CFair (fairmed) root@537614b35cbf:/workspace/MEDFAIR# python main.py --experiment CFair --experiment_name test --dataset_name PAPILA --backbone cusResNet18 --total_epochs 10 --sensitive_name Age --batch_size 1024 --lr 0.01 --sens_classes 2 --val_strategy loss --output_dim 1 --num_classes 1 run hash (first 10 digits): 6ae30fed6c Random seed: [33, 2, 82] loaded dataset PAPILA Traceback (most recent call last): File "main.py", line 34, in pred_df = train(model, opt) File "main.py", line 13, in train ifbreak = model.train(epoch) File "/workspace/MEDFAIR/models/basenet.py", line 160, in train self._train(self.train_loader) File "/workspace/MEDFAIR/models/CFair/CFair.py", line 63, in _train loss = self._criterion(ypreds, targets, pos_weight=reweight_target_tensor) TypeError: _criterion() got an unexpected keyword argument 'pos_weight'

ys-zong commented 1 year ago

Thanks for pointing out the issue. LAFTR and CFair should be fixed now. When running these two methods, please also pass the argument --bianry_train_multi_test 2. This is a suboptimal implementation. I'll try to optimize it later. Also, you can try to use Adam as the optimizer instead of SGD if you are training with small datasets. According to experiments, they lead to similar results and rankings in the end.

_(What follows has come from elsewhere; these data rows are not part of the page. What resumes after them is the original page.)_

lemma embedded_simple_dual_module_annihilator:
  fixes sc :: "'k::field \<Rightarrow> 'c::ab_group_add \<Rightarrow> 'c" and act :: "('c \<Rightarrow> 'k) \<Rightarrow> 'h::ab_group_add \<Rightarrow> 'h"
  assumes coalg: "coalgebra sc \<Delta> \<epsilon>"
    and simple: "simple_dual_module sc \<Delta> \<epsilon> scH act"
    and "embeds_in_dual sc \<Delta> act"
  obtains P where "\<forall>f\<in>dual_space sc. (\<forall>p\<in>set P. f p = 0) \<longrightarrow> (\<forall>m. act f m = 0)"
proof -
  obtain \<phi> :: "'h \<Rightarrow> 'c \<Rightarrow> 'k" where "inj \<phi>" and \<phi>_dual: "\<And>x. \<phi> x \<in> dual_space sc"
    and \<phi>_add: "\<And>x y. \<phi> (x + y) = (\<lambda>c. \<phi> x c + \<phi> y c)"
    and \<phi>_act: "\<And>f x. f \<in> dual_space sc \<Longrightarrow> \<phi> (act f x) = conv \<Delta> f (\<phi> x)"
    using assms(3) unfolding embeds_in_dual_def by blast
  obtain x0 :: 'h where "x0 \<noteq> 0" using simple unfolding simple_dual_module_def by (elim conjE exE)
  with \<open>inj \<phi>\<close> have "\<phi> x0 \<noteq> \<phi> 0" by (meson injD)
  then obtain c where c: "\<phi> x0 c \<noteq> 0" using pointwise_additive_zero[OF \<phi>_add] by auto
  define N where "N = {x. \<forall>g\<in>dual_space sc. conv \<Delta> g (\<phi> x) c = 0}"
  have "dual_submodule sc act N"
    unfolding N_def by (rule dual_submodule_conv_vanishing_at[OF coalg \<phi>_dual \<phi>_add \<phi>_act])
  moreover have "x0 \<notin> N"
  proof -
    have "\<epsilon> \<in> dual_space sc" by (rule coalgebra_counit_in_dual_space[OF coalg])
    moreover have "conv \<Delta> \<epsilon> (\<phi> x0) c \<noteq> 0" using conv_counit_left[OF coalg \<phi>_dual] c by simp
    ultimately show ?thesis unfolding N_def by blast
  qed
  ultimately have "N = {0}" using simple unfolding simple_dual_module_def by auto
  have "act f m = 0" if f: "f \<in> dual_space sc" and "\<forall>p\<in>set (middle_factors \<Delta> c). f p = 0" for f m
  proof -
    have "act f m \<in> N"
      using conv_conv_eq_0_if_vanishes_on_middle_factors[OF that(2)] \<phi>_act[OF f]
      unfolding N_def by simp
    then show ?thesis using \<open>N = {0}\<close> by simp
  qed
  then show thesis using that by blast
qed

theorem proposition6p2:
  fixes sc :: "'k::field \<Rightarrow> 'c::ab_group_add \<Rightarrow> 'c"
    and \<Delta> :: "'c \<Rightarrow> ('c \<times> 'c) list"
    and \<epsilon> :: "'c \<Rightarrow> 'k"
    and scH :: "'k \<Rightarrow> 'h::ab_group_add \<Rightarrow> 'h"
    and act :: "('c \<Rightarrow> 'k) \<Rightarrow> 'h \<Rightarrow> 'h"
  assumes "coalgebra sc \<Delta> \<epsilon>"
    and "simple_dual_module sc \<Delta> \<epsilon> scH act"
    and "embeds_in_dual sc \<Delta> act"
  shows "rational_dual_module sc scH act"
proof -
  have "vector_space sc" by (rule coalgebra_vector_space[OF assms(1)])
  moreover have "dual_module sc \<Delta> \<epsilon> scH act"
    using assms(2) unfolding simple_dual_module_def by (elim conjE)
  moreover obtain P where "\<forall>f\<in>dual_space sc. (\<forall>p\<in>set P. f p = 0) \<longrightarrow> (\<forall>m. act f m = 0)"
    using embedded_simple_dual_module_annihilator[OF assms] by blast
  ultimately show ?thesis by (rule rational_dual_moduleI)
qed

end
theorem proposition2p1:
  fixes M :: "'a measure"
    and p :: int
    and d :: "int \<Rightarrow> real"
    and \<sigma>2 :: "int \<Rightarrow> real"
    and \<epsilon> :: "int \<Rightarrow> 'a \<Rightarrow> real"
    and X :: "int \<Rightarrow> 'a \<Rightarrow> real"
  assumes "prob_space M"
    and "p \<ge> 2"
    and d_per: "\<And>t. d (t + p) = d t"
    and d_range: "\<And>i. i \<in> {1..p} \<Longrightarrow> 0 < d i \<and> d i < 1/2"
    and \<sigma>_per: "\<And>t. \<sigma>2 (t + p) = \<sigma>2 t"
    and \<sigma>_pos: "\<And>i. i \<in> {1..p} \<Longrightarrow> \<sigma>2 i > 0"
    and \<epsilon>_rv: "\<And>t. \<epsilon> t \<in> borel_measurable M"
    and \<epsilon>_indep: "prob_space.indep_vars M (\<lambda>_. borel) \<epsilon> UNIV"
    and \<epsilon>_L2: "\<And>t. integrable M (\<lambda>\<omega>. (\<epsilon> t \<omega>)\<^sup>2)"
    and \<epsilon>_mean: "\<And>t. prob_space.expectation M (\<epsilon> t) = 0"
    and \<epsilon>_var: "\<And>t. prob_space.expectation M (\<lambda>\<omega>. (\<epsilon> t \<omega>)\<^sup>2) = \<sigma>2 t"
    and X_rv: "\<And>t. X t \<in> borel_measurable M"
    and X_MA: "\<And>t. AE \<omega> in M.
        (\<lambda>n. \<Sum>j<n. arfima_psi (d t) j * \<epsilon> (t - int j) \<omega>) \<longlonglongrightarrow> X t \<omega>"
  shows "\<exists>R :: int \<Rightarrow> int \<Rightarrow> real.
     (\<forall>i\<in>{1..p}. \<forall>k\<in>{1..p}. R i k > 0) \<and>
     (\<forall>t. integrable M (\<lambda>\<omega>. (X t \<omega>)\<^sup>2) \<and> prob_space.expectation M (X t) = 0) \<and>
     (\<forall>i\<in>{1..p}. \<forall>k\<in>{1..p}. \<forall>m h.
        prob_space.expectation M (\<lambda>\<omega>. X (i + p * (m + h)) \<omega> * X (k + p * m) \<omega>)
        = prob_space.expectation M (\<lambda>\<omega>. X (i + p * h) \<omega> * X k \<omega>)) \<and>
     (\<forall>i\<in>{1..p}. \<forall>k\<in>{1..p}.
        (\<lambda>h::nat. prob_space.expectation M (\<lambda>\<omega>. X (i + p * int h) \<omega> * X k \<omega>))
          \<sim>[at_top] (\<lambda>h. \<sigma>2 i * R i k * real h powr (d i + d k - 1)))"
proof -
  interpret periodic_arfima M p d \<sigma>2 \<epsilon> X
    by (intro periodic_arfima.intro periodic_arfima_axioms.intro; rule assms)
  have "\<sigma>2 i * (cov_constant i k / \<sigma>2 i) = cov_constant i k" for i k
    using variance_pos_all[of i] by simp
  moreover have "expectation (\<lambda>\<omega>. X (i + p * (m + h)) \<omega> * X (k + p * m) \<omega>)
      = expectation (\<lambda>\<omega>. X (i + p * h) \<omega> * X k \<omega>)" for i k m h
  proof -
    have "i + p * (m + h) = (i + p * h) + p * m" by (simp add: algebra_simps)
    then show ?thesis by (simp only: covariance_periodic)
  qed
  ultimately show ?thesis
    using cov_constant_pos variance_pos_all X_square_integrable X_mean covariance_asymp_equiv
    by (intro exI[of _ "\<lambda>i k. cov_constant i k / \<sigma>2 i"]) auto
qed

end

For SWA, as I see from your log:

File "/workspace/MEDFAIR/models/SWA/SWA.py", line 122, in test
torch.optim.swa_utils.update_bn(self.loader, self.swa_model, device = self.device)
File "/workspace/fairmed/lib/python3.8/site-packages/torch/nn/modules/module.py", line 1269, in getattr
raise AttributeError("'{}' object has no attribute '{}'".format(
AttributeError: 'SWA' object has no attribute 'loader'

You are passing self.loader to the function update_bn, which causes the attribute error. The current code this line is actually passing self.train_loader. Can you git pull to see if you have the latest code?

BTW, can you share what other bugs you faced so that I can also fix them for other potential users? (methods not listed in the paper are not extensively tested). Many thanks!

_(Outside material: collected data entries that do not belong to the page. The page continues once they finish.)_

(* Let $\psi_u\in(0,2\pi)$ satisfy $t\mu\notin\mathbb Z$, where $t=\frac34-\frac{\psi_u}{2\pi}$, and let $\psi_{\tilde u}\in\mathbb R$ be arbitrary. Then $$Y_{\tilde u}=\frac{\zeta_{\tilde u}\sin^2\!\big(\psi_{\tilde u}-\frac{\pi}{\mu}+\frac{2\pi}{\mu}\lceil t\mu\rceil\big)}{V^2},\qquad V=\frac{\sin(\pi/\mu)}{W}.$$
   Context: Setup: Let $W\ge 1$ be an integer and $\mu\ge 2$ an even integer, and set $K=\mu W+1$. Let $\zeta_u>0$, $\psi_u\in(0,2\pi)$, and for $k=1,\dots,K$ let $h_{u,k}=\zeta_u^{1/2}e^{j(\psi_u+2\pi(k-1)/\mu)}$, where $j=\sqrt{-1}$. Let $\mathcal K_1=\{k\in\{2,\dots,K\}:\operatorname{Re}(h_{u,k})>0\}$. For an interfering user $\tilde u$ with $\zeta_{\tilde u}>0$ and phase $\psi_{\tilde u}$, let $h_{\tilde u,k}=\zeta_{\tilde u}^{1/2}e^{j(\psi_{\tilde u}+2\pi(k-1)/\mu)}$ and $Y_{\tilde u}=\big(\sum_{k\in\mathcal K_1}\operatorname{Re}(h_{\tilde u,k})\big)^2$. *)

theory Defs
  imports Complex_Main
begin

definition chan :: "real \<Rightarrow> real \<Rightarrow> nat \<Rightarrow> nat \<Rightarrow> complex" where
  "chan \<zeta> \<psi> \<mu> k =
     complex_of_real (sqrt \<zeta>) * exp (\<i> * complex_of_real (\<psi> + 2 * pi * (real k - 1) / real \<mu>))"

text \<open>K_1 = {k in {2..K} : Re(h_{u,k}) > 0}, with K = mu W + 1.\<close>
definition K1 :: "nat \<Rightarrow> nat \<Rightarrow> real \<Rightarrow> real \<Rightarrow> nat set" where
  "K1 \<mu> W \<zeta>u \<psi>u = {k \<in> {2..\<mu> * W + 1}. Re (chan \<zeta>u \<psi>u \<mu> k) > 0}"

definition Yint :: "nat \<Rightarrow> nat \<Rightarrow> real \<Rightarrow> real \<Rightarrow> real \<Rightarrow> real \<Rightarrow> real" where
  "Yint \<mu> W \<zeta>u \<psi>u \<zeta>v \<psi>v = (\<Sum>k\<in>K1 \<mu> W \<zeta>u \<psi>u. Re (chan \<zeta>v \<psi>v \<mu> k))\<^sup>2"

end

theory Submission
  imports Defs
begin

text \<open>
  Since \<open>\<psi>u = 3\<pi>/2 - 2\<pi>t\<close>, \<open>Re h_{u,k}\<close> is a positive multiple of
  \<open>sin (2\<pi>(k - 1 - t\<mu>)/\<mu>)\<close>; as \<open>t\<mu>\<close> is not an integer, it is positive exactly when
  \<open>(k - 1 - \<lceil>t\<mu>\<rceil>) mod \<mu> < \<mu>/2\<close>. So the sum defining \<open>Y\<close> runs over \<open>\<mu>W\<close> consecutive
  indices of a \<open>\<mu>\<close>-periodic summand and equals \<open>W\<close> times its sum over the single period
  starting at \<open>\<lceil>t\<mu>\<rceil>\<close>. That is a sum of \<open>\<mu>/2\<close> cosines in arithmetic progression, which
  telescopes via \<open>2 sin d cos x = sin (x + d) - sin (x - d)\<close>.
\<close>

lemma periodic_sum_shift:
  fixes g :: "int \<Rightarrow> 'a::comm_monoid_add"
  assumes periodic: "\<And>m. g (m + int p) = g m"
  shows "(\<Sum>i<p. g (a + int i)) = (\<Sum>i<p. g (b + int i))"
proof -
  define S where "S c = (\<Sum>i<p. g (c + int i))" for c
  have S_succ: "S (c + 1) = S c" for c
  proof (cases p)
    case (Suc q)
    have "S c = g c + (\<Sum>i<q. g (c + 1 + int i))"
      unfolding S_def Suc sum.lessThan_Suc_shift by (simp add: add_ac)
    also have "g c = g (c + 1 + int q)"
      using periodic[of c] Suc by (simp add: add_ac)
    finally show ?thesis
      by (simp add: S_def Suc add_ac)
  qed (simp add: S_def)
  have S_const: "S c = S 0" for c
  proof (induction c rule: int_induct[where k = 0])
    case (step2 i)
    then show ?case
      using S_succ[of "i - 1"] by simp
  qed (simp_all add: S_succ)
  show ?thesis
    using S_const[of a] S_const[of b] by (simp add: S_def)
qed

lemma periodic_sum_repeat:
  fixes g :: "int \<Rightarrow> 'a::semiring_1"
  assumes periodic: "\<And>m. g (m + int p) = g m"
  shows "(\<Sum>j<p * W. g (a + int j)) = of_nat W * (\<Sum>i<p. g (b + int i))"
proof -
  have "(\<Sum>j<p * W. g (a + int j)) = (\<Sum>c<W. \<Sum>j\<in>{c * p..<c * p + p}. g (a + int j))"
    using sum.nat_group[of "\<lambda>j. g (a + int j)" p W] by (simp add: mult.commute)
  also have "\<dots> = (\<Sum>c<W. \<Sum>i<p. g ((a + int (c * p)) + int i))"
  proof -
    have "(\<Sum>j\<in>{c * p..<c * p + p}. f j) = (\<Sum>i<p. f (c * p + i))" for c and f :: "nat \<Rightarrow> 'a"
      using sum.shift_bounds_nat_ivl[of f 0 "c * p" p] by (simp add: atLeast0LessThan add.commute)
    then show ?thesis
      by (simp add: add_ac)
  qed
  also have "\<dots> = (\<Sum>c<W. \<Sum>i<p. g (b + int i))"
    by (intro sum.cong refl periodic_sum_shift periodic)
  finally show ?thesis
    by simp
qed

lemma sum_cos_arith_progression:
  fixes a d :: real
  shows "2 * sin d * (\<Sum>i<L. cos (a + 2 * real i * d))
    = sin (a + (2 * real L - 1) * d) - sin (a - d)"
proof (induction L)
  case (Suc L)
  have "2 * sin d * cos z = sin (z + d) - sin (z - d)" for z
    by (simp add: sin_add sin_diff)
  from this[of "a + 2 * real L * d"]
  have "2 * sin d * cos (a + 2 * real L * d)
      = sin (a + (2 * real L + 1) * d) - sin (a + (2 * real L - 1) * d)"
    by (simp add: algebra_simps)
  with Suc show ?case
    by (simp add: algebra_simps)
qed simp

lemma sum_cos_half_turn:
  fixes a d :: real
  assumes "2 * real L * d = pi"
  shows "sin d * (\<Sum>i<L. cos (a + 2 * real i * d)) = - sin (a - d)"
proof -
  have "a + (2 * real L - 1) * d = (a - d) + pi"
    using assms by (simp add: algebra_simps)
  then have "sin (a + (2 * real L - 1) * d) = - sin (a - d)"
    by (simp only: sin_periodic_pi)
  then show ?thesis
    using sum_cos_arith_progression[of d a L] by simp
qed

lemma sin_pos_iff_mod:
  fixes s :: real and m :: int and \<mu> :: nat
  assumes "even \<mu>" "\<mu> > 0" "s \<notin> \<int>"
  shows "0 < sin (2 * pi * (m - s) / \<mu>) \<longleftrightarrow> (m - \<lceil>s\<rceil>) mod \<mu> < int (\<mu> div 2)"
proof -
  define r where "r = (m - \<lceil>s\<rceil>) mod \<mu>"
  define q where "q = (m - \<lceil>s\<rceil>) div \<mu>"
  define \<delta> where "\<delta> = \<lceil>s\<rceil> - s"
  obtain h where h: "\<mu> = 2 * h" "h > 0"
    using assms by (auto elim!: evenE)
  have r: "0 \<le> r" "r < \<mu>"
    using assms by (simp_all add: r_def)
  have "s \<noteq> \<lceil>s\<rceil>"
    using assms(3) Ints_of_int by metis
  then have \<delta>: "0 < \<delta>" "\<delta> < 1"
    using ceiling_correct[of s] unfolding \<delta>_def by linarith+
  define y where "y = (r + \<delta>) / h"
  have "m - s = (r + \<delta>) + \<mu> * q"
    by (simp add: r_def q_def \<delta>_def flip: of_int_add of_int_mult)
  then have "2 * pi * (m - s) / \<mu> = pi * y + 2 * pi * q"
    using h by (simp add: y_def field_simps)
  then have sin_eq: "sin (2 * pi * (m - s) / \<mu>) = sin (pi * y)"
    by (simp add: sin_add)
  have "0 < y" "y < 2"
    using r \<delta> h by (simp_all add: y_def field_simps)
  moreover have "y < 1 \<longleftrightarrow> r < int (\<mu> div 2)"
    using \<delta> h by (simp add: y_def field_simps) linarith
  moreover have "0 < sin (pi * y) \<longleftrightarrow> y < 1" if "0 < y" "y < 2"
    using that sin_gt_zero[of "pi * y"] sin_le_zero[of "pi * y"] by (cases "y < 1") auto
  ultimately show ?thesis
    using sin_eq by (simp add: r_def)
qed

text \<open>Here \<open>m\<close> plays the role of \<open>k - 1\<close> and \<open>n\<close> that of \<open>\<lceil>t\<mu>\<rceil>\<close>.\<close>

definition half_period_cos :: "nat \<Rightarrow> int \<Rightarrow> real \<Rightarrow> int \<Rightarrow> real" where
  "half_period_cos \<mu> n \<psi> m =
     (if (m - n) mod \<mu> < int (\<mu> div 2) then cos (\<psi> + 2 * pi * m / \<mu>) else 0)"

lemma half_period_cos_periodic:
  assumes "\<mu> > 0"
  shows "half_period_cos \<mu> n \<psi> (m + int \<mu>) = half_period_cos \<mu> n \<psi> m"
proof -
  have "(m + int \<mu> - n) mod \<mu> = (m - n) mod \<mu>"
    by (metis add.commute add_diff_eq mod_add_self1)
  moreover have "\<psi> + 2 * pi * (m + int \<mu>) / \<mu> = (\<psi> + 2 * pi * m / \<mu>) + 2 * pi"
    using assms by (simp add: field_simps)
  ultimately show ?thesis
    unfolding half_period_cos_def by (simp only: cos_periodic)
qed

lemma sum_half_period_cos:
  assumes "even \<mu>" "\<mu> > 0"
  shows "sin (pi / \<mu>) * (\<Sum>i<\<mu>. half_period_cos \<mu> n \<psi> (n + int i))
    = - sin (\<psi> - pi / \<mu> + 2 * pi / \<mu> * n)"
proof -
  define a where "a = \<psi> + 2 * pi * n / \<mu>"
  have "(\<Sum>i<\<mu>. half_period_cos \<mu> n \<psi> (n + int i))
      = (\<Sum>i\<in>{i\<in>{..<\<mu>}. i < \<mu> div 2}. cos (a + 2 * real i * (pi / \<mu>)))"
    unfolding sum.inter_filter[OF finite_lessThan]
    by (intro sum.cong refl) (auto simp: half_period_cos_def a_def field_simps)
  also have "{i\<in>{..<\<mu>}. i < \<mu> div 2} = {..<\<mu> div 2}"
    by auto
  moreover have "2 * real (\<mu> div 2) * (pi / \<mu>) = pi"
    using assms by (auto elim!: evenE)
  ultimately show ?thesis
    using sum_cos_half_turn[of "\<mu> div 2" "pi / \<mu>" a] by (simp add: a_def algebra_simps)
qed

lemma Re_chan:
  assumes "\<zeta> \<ge> 0"
  shows "Re (chan \<zeta> \<psi> \<mu> k) = sqrt \<zeta> * cos (\<psi> + 2 * pi * (real k - 1) / \<mu>)"
  using assms by (simp add: chan_def Re_exp)

lemma K1_eq:
  assumes "even \<mu>" "\<mu> > 0" "\<zeta>u > 0"
    and t_def: "t = 3/4 - \<psi>u / (2 * pi)"
    and "t * \<mu> \<notin> \<int>"
  shows "K1 \<mu> W \<zeta>u \<psi>u = {k \<in> {2..\<mu> * W + 1}. (int k - 1 - \<lceil>t * \<mu>\<rceil>) mod \<mu> < int (\<mu> div 2)}"
proof -
  have "cos (\<psi>u + 2 * pi * (real k - 1) / \<mu>) = sin (2 * pi * (of_int (int k - 1) - t * \<mu>) / \<mu>)" for k
  proof -
    define x where "x = 2 * pi * (of_int (int k - 1) - t * \<mu>) / \<mu>"
    have "\<psi>u + 2 * pi * (real k - 1) / \<mu> = (x - pi / 2) + 2 * pi"
      using assms(2) by (simp add: x_def t_def field_simps)
    then have "cos (\<psi>u + 2 * pi * (real k - 1) / \<mu>) = cos (x - pi / 2)"
      by (simp only: cos_periodic)
    then show ?thesis
      by (simp add: x_def cos_diff)
  qed
  then have "0 < Re (chan \<zeta>u \<psi>u \<mu> k) \<longleftrightarrow> (int k - 1 - \<lceil>t * \<mu>\<rceil>) mod \<mu> < int (\<mu> div 2)" for k
    using assms sin_pos_iff_mod[of \<mu> "t * \<mu>" "int k - 1"] by (simp add: Re_chan zero_less_mult_iff)
  then show ?thesis
    by (simp add: K1_def)
qed

lemma sum_Re_chan_K1:
  assumes "even \<mu>" "\<mu> > 0" "\<zeta>u > 0" "\<zeta>v \<ge> 0"
    and "t = 3/4 - \<psi>u / (2 * pi)"
    and "t * \<mu> \<notin> \<int>"
  shows "(\<Sum>k\<in>K1 \<mu> W \<zeta>u \<psi>u. Re (chan \<zeta>v \<psi>v \<mu> k))
    = sqrt \<zeta>v * (\<Sum>j<\<mu> * W. half_period_cos \<mu> \<lceil>t * \<mu>\<rceil> \<psi>v (1 + int j))"
proof -
  have "(\<Sum>k\<in>K1 \<mu> W \<zeta>u \<psi>u. Re (chan \<zeta>v \<psi>v \<mu> k))
      = (\<Sum>k\<in>{2..<\<mu> * W + 2}. sqrt \<zeta>v * half_period_cos \<mu> \<lceil>t * \<mu>\<rceil> \<psi>v (int k - 1))"
    unfolding K1_eq[OF assms(1-3,5,6)] sum.inter_filter[OF finite_atLeastAtMost]
    by (intro sum.cong) (auto simp: assms(4) Re_chan half_period_cos_def)
  also have "\<dots> = (\<Sum>j<\<mu> * W. sqrt \<zeta>v * half_period_cos \<mu> \<lceil>t * \<mu>\<rceil> \<psi>v (int (j + 2) - 1))"
    using sum.shift_bounds_nat_ivl[of _ 0 2 "\<mu> * W"] by (simp only: add_0 atLeast0LessThan)
  also have "\<dots> = sqrt \<zeta>v * (\<Sum>j<\<mu> * W. half_period_cos \<mu> \<lceil>t * \<mu>\<rceil> \<psi>v (1 + int j))"
    by (simp add: sum_distrib_left add_ac)
  finally show ?thesis .
qed

theorem theorem3:
  fixes W \<mu> :: nat and \<zeta>u \<psi>u \<zeta>v \<psi>v t V :: real
  assumes "W \<ge> 1" and "\<mu> \<ge> 2" and "even \<mu>"
    and "\<zeta>u > 0" and "0 < \<psi>u" and "\<psi>u < 2 * pi"
    and "\<zeta>v > 0"
    and t_def: "t = 3/4 - \<psi>u / (2 * pi)"
    and "t * real \<mu> \<notin> \<int>"
    and V_def: "V = sin (pi / real \<mu>) / real W"
  shows "Yint \<mu> W \<zeta>u \<psi>u \<zeta>v \<psi>v =
    \<zeta>v * (sin (\<psi>v - pi / real \<mu> + 2 * pi / real \<mu> * real_of_int \<lceil>t * real \<mu>\<rceil>))\<^sup>2 / V\<^sup>2"
proof -
  define n where "n = \<lceil>t * real \<mu>\<rceil>"
  define S where "S = (\<Sum>i<\<mu>. half_period_cos \<mu> n \<psi>v (n + int i))"
  have \<mu>: "\<mu> > 0"
    using assms(2) by simp
  have "(\<Sum>j<\<mu> * W. half_period_cos \<mu> n \<psi>v (1 + int j)) = real W * S"
    unfolding S_def using half_period_cos_periodic[OF \<mu>] by (rule periodic_sum_repeat)
  then have Y: "Yint \<mu> W \<zeta>u \<psi>u \<zeta>v \<psi>v = \<zeta>v * (real W * S)\<^sup>2"
    using sum_Re_chan_K1[OF assms(3) \<mu> assms(4) _ t_def assms(9)] assms(7)
    by (simp add: Yint_def n_def power_mult_distrib)
  have "sin (pi / \<mu>) > 0"
    using assms(2) by (intro sin_gt_zero) (simp_all add: field_simps)
  moreover have "sin (pi / \<mu>) * S = - sin (\<psi>v - pi / \<mu> + 2 * pi / \<mu> * n)"
    unfolding S_def using sum_half_period_cos[OF assms(3) \<mu>] .
  ultimately have S: "S = - sin (\<psi>v - pi / \<mu> + 2 * pi / \<mu> * n) / sin (pi / \<mu>)"
    by (simp add: field_simps)
  show ?thesis
    using Y S by (simp add: V_def n_def field_simps power2_eq_square)
qed

end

pearlmary commented 1 year ago

Hi Zong. Thank you for the quick reply. As you have said, the issue with LAFTR and CFair are fixed now.

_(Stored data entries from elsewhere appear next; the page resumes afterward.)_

lemma associated_iff_triangle_sign:
  "associated X E E' \<longleftrightarrow>
     (\<forall>a\<in>X. \<forall>b\<in>X. \<forall>c\<in>X. triangle_sign E' a b c = triangle_sign E a b c)"
proof
  assume "associated X E E'"
  then obtain \<nu> :: "'a \<Rightarrow> int" where \<nu>: "\<forall>i\<in>X. \<nu> i = 1 \<or> \<nu> i = -1"
    and eps': "\<forall>i\<in>X. \<forall>j\<in>X. eps E' i j = \<nu> i * \<nu> j * eps E i j"
    unfolding associated_def by blast
  have \<nu>_sq: "\<nu> i * \<nu> i = 1" if "i \<in> X" for i using \<nu> that by auto
  show "\<forall>a\<in>X. \<forall>b\<in>X. \<forall>c\<in>X. triangle_sign E' a b c = triangle_sign E a b c"
  proof (intro ballI)
    fix a b c assume abc: "a \<in> X" "b \<in> X" "c \<in> X"
    have "triangle_sign E' a b c = (\<nu> a * \<nu> a) * (\<nu> b * \<nu> b) * (\<nu> c * \<nu> c) * triangle_sign E a b c"
      using abc eps' by (simp add: triangle_sign_def mult_ac)
    then show "triangle_sign E' a b c = triangle_sign E a b c" using \<nu>_sq abc by simp
  qed
next
  assume same: "\<forall>a\<in>X. \<forall>b\<in>X. \<forall>c\<in>X. triangle_sign E' a b c = triangle_sign E a b c"
  show "associated X E E'"
  proof (cases "X = {}")
    case True then show ?thesis unfolding associated_def by simp
  next
    case False
    then obtain x where x: "x \<in> X" by blast
    \<comment> \<open>switch at every vertex where the edges to \<open>x\<close> differ\<close>
    define \<nu> where "\<nu> i = eps E' x i * eps E x i" for i
    show ?thesis unfolding associated_def
    proof (intro exI[of _ \<nu>] conjI ballI)
      fix i show "\<nu> i = 1 \<or> \<nu> i = -1" by (simp add: \<nu>_def eps_def)
    next
      fix i j assume ij: "i \<in> X" "j \<in> X"
      have "\<nu> i * \<nu> j * eps E i j = eps E' x i * eps E' x j * triangle_sign E x i j"
        by (simp add: \<nu>_def triangle_sign_def mult_ac)
      also have "\<dots> = eps E' x i * eps E' x j * triangle_sign E' x i j" using same x ij by simp
      also have "\<dots> = eps E' i j" by (simp add: triangle_sign_def eps_def)
      finally show "eps E' i j = \<nu> i * \<nu> j * eps E i j" by simp
    qed
  qed
qed

lemma localized_eq:
  assumes graph: "simple_graph X E" and x: "x \<in> X"
  shows "localized X E x = (\<lambda>u v. u \<in> X \<and> v \<in> X \<and> u \<noteq> v \<and> triangle_sign E x u v = -1)"
    (is "_ = ?L")
  unfolding localized_def
proof (rule the_equality)
  have eps_L: "eps ?L a b = triangle_sign E x a b" if "a \<in> X" "b \<in> X" for a b
    using that triangle_sign_cases[of E x a b] by (auto simp: eps_def)
  show "simple_graph X ?L \<and> associated X E ?L \<and> (\<forall>y. \<not> ?L x y)"
  proof (intro conjI)
    show "simple_graph X ?L"
      unfolding simple_graph_def using triangle_sign_commute[OF graph] by auto
    show "associated X E ?L"
      unfolding associated_iff_triangle_sign
    proof (intro ballI)
      fix a b c assume "a \<in> X" "b \<in> X" "c \<in> X"
      then have "triangle_sign ?L a b c
          = triangle_sign E x a b * triangle_sign E x b c * triangle_sign E x a c"
        by (simp add: triangle_sign_def[of ?L] eps_L)
      then show "triangle_sign ?L a b c = triangle_sign E a b c"
        using triangle_sign_cocycle[of E a b c x] by simp
    qed
    show "\<forall>y. \<not> ?L x y" by simp
  qed
next
  fix E' assume E': "simple_graph X E' \<and> associated X E E' \<and> (\<forall>y. \<not> E' x y)"
  show "E' = ?L"
  proof (intro ext)
    fix u v
    show "E' u v = ?L u v"
    proof (cases "u \<in> X \<and> v \<in> X")
      case False then show ?thesis using E' unfolding simple_graph_def by auto
    next
      case True
      \<comment> \<open>\<open>x\<close> is isolated in \<open>E'\<close>, so the triangle \<open>xuv\<close> of \<open>E'\<close> only sees the edge \<open>uv\<close>\<close>
      have "eps E' u v = triangle_sign E' x u v" using E' by (simp add: triangle_sign_def eps_def)
      also have "\<dots> = triangle_sign E x u v"
        using E' True x by (simp add: associated_iff_triangle_sign)
      finally have "eps E' u v = triangle_sign E x u v" .
      moreover have "E' u v \<longleftrightarrow> u \<noteq> v \<and> eps E' u v = -1"
        using E' unfolding simple_graph_def eps_def by auto
      ultimately show ?thesis using True by auto
    qed
  qed
qed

But still the issue with SWA, exists though self.train_loader is passed:

Initially I had to add the missing index in line 69 in SWA.py <for i, (images, targets, sensitive_attr) in enumerate(loader):>

error log:

Traceback (most recent call last): File "main.py", line 37, in pred_df = model.test() File "/workspace/MEDFAIR/models/SWA/SWA.py", line 122, in test torch.optim.swa_utils.update_bn(self.train_loader, self.swa_model, device = self.device) File "/workspace/fairmed/lib/python3.8/site-packages/torch/autograd/grad_mode.py", line 27, in decorate_context return func(*args, kwargs) File "/workspace/fairmed/lib/python3.8/site-packages/torch/optim/swa_utils.py", line 187, in update_bn model(input) File "/workspace/fairmed/lib/python3.8/site-packages/torch/nn/modules/module.py", line 1194, in _call_impl return forward_call(*input, *kwargs) File "/workspace/fairmed/lib/python3.8/site-packages/torch/optim/swa_utils.py", line 116, in forward return self.module(args, kwargs) File "/workspace/fairmed/lib/python3.8/site-packages/torch/nn/modules/module.py", line 1194, in _call_impl return forward_call(*input, kwargs) File "/workspace/MEDFAIR/models/basemodels.py", line 22, in forward outputs = self.body(x) File "/workspace/fairmed/lib/python3.8/site-packages/torch/fx/graph_module.py", line 658, in call_wrapped return self._wrapped_call(self, *args, *kwargs) File "/workspace/fairmed/lib/python3.8/site-packages/torch/fx/graph_module.py", line 277, in call raise e File "/workspace/fairmed/lib/python3.8/site-packages/torch/fx/graph_module.py", line 267, in call return super(self.cls, obj).call(args, kwargs) # type: ignore[misc] File "/workspace/fairmed/lib/python3.8/site-packages/torch/nn/modules/module.py", line 1194, in _call_impl return forward_call(*input, *kwargs) File ".5", line 5, in forward File "/workspace/fairmed/lib/python3.8/site-packages/torch/nn/modules/module.py", line 1194, in _call_impl return forward_call(input, kwargs) File "/workspace/fairmed/lib/python3.8/site-packages/torch/nn/modules/conv.py", line 463, in forward return self._conv_forward(input, self.weight, self.bias) File "/workspace/fairmed/lib/python3.8/site-packages/torch/nn/modules/conv.py", line 459, in _conv_forward return F.conv2d(input, weight, bias, self.stride, RuntimeError: Expected 3D (unbatched) or 4D (batched) input to conv2d, but got input of size: [294]**

Sure I will share few bugs I noted. Thanks.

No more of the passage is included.